What is the advantage of using Hadoop over traditional databases for big data?
-Hadoop offers advantages such as horizontal scaling, redundancy, fault tolerance, and the ability to process data in parallel across a cluster, which traditional databases may not efficiently handle with vertical scaling.
How has Hadoop evolved since its inception in 2006?
-Since 2006, Hadoop has evolved with continuous development and growth of its ecosystem, including the emergence of additional applications and systems built around it to support various data processing needs.
What are some of the use cases for Hadoop in handling big data?
-Hadoop can be used for handling large volumes of data such as DNA information, sensor data, web logs, trading information from the stock market, and more, where traditional systems may not scale effectively.
How does Hadoop address the issue of a single point of failure?

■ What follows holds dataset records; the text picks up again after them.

lemma lc_hessian_cnj:
  assumes "open A" "z \<in> A" "\<And>p. p \<in> A \<Longrightarrow> (\<phi> has_derivative \<phi>' p) (at p)"
    and "(\<lambda>t. dderiv \<phi> (z + t *\<^sub>R u) v) differentiable (at 0)"
  shows "lc_hessian g (\<lambda>p. cnj (\<phi> p)) z u v = cnj (lc_hessian g \<phi> z u v)"
proof -
  have first: "dderiv (\<lambda>p. cnj (\<phi> p)) p w = cnj (dderiv \<phi> p w)" if "p \<in> A" for p w
    using dderiv_eq_derivative[OF has_derivative_cnj[OF assms(3)[OF that]]]
      dderiv_eq_derivative[OF assms(3)[OF that]] by simp
  then have "dderiv (\<lambda>p. dderiv (\<lambda>p. cnj (\<phi> p)) p v) z u = dderiv (\<lambda>p. cnj (dderiv \<phi> p v)) z u"
    by (intro dderiv_cong_open[OF assms(1,2)]) simp
  also have "\<dots> = cnj (dderiv (\<lambda>p. dderiv \<phi> p v) z u)"
    using assms(4) by (rule dderiv_cnj)
  finally show ?thesis
    unfolding lc_hessian_def using first[OF assms(2)] by simp
qed

lemma lc_christoffel_commute:
  assumes "\<And>p u v. g p u v = g p v u"
  shows "lc_christoffel g z u v = lc_christoffel g z v u"
  unfolding lc_christoffel_def by (simp add: assms add.commute)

-Hadoop addresses the single point of failure by maintaining multiple copies of data across the cluster and automatically failing over to backup copies if the primary data becomes unavailable.
What is the significance of Hadoop's ability to handle batch processing and how has this evolved?
-Hadoop was initially designed for batch processing, suitable for tasks where immediate results are not critical. However, developments on top of Hadoop have made it capable of supporting interactive queries and high transaction rates, expanding its use cases beyond just batch processing.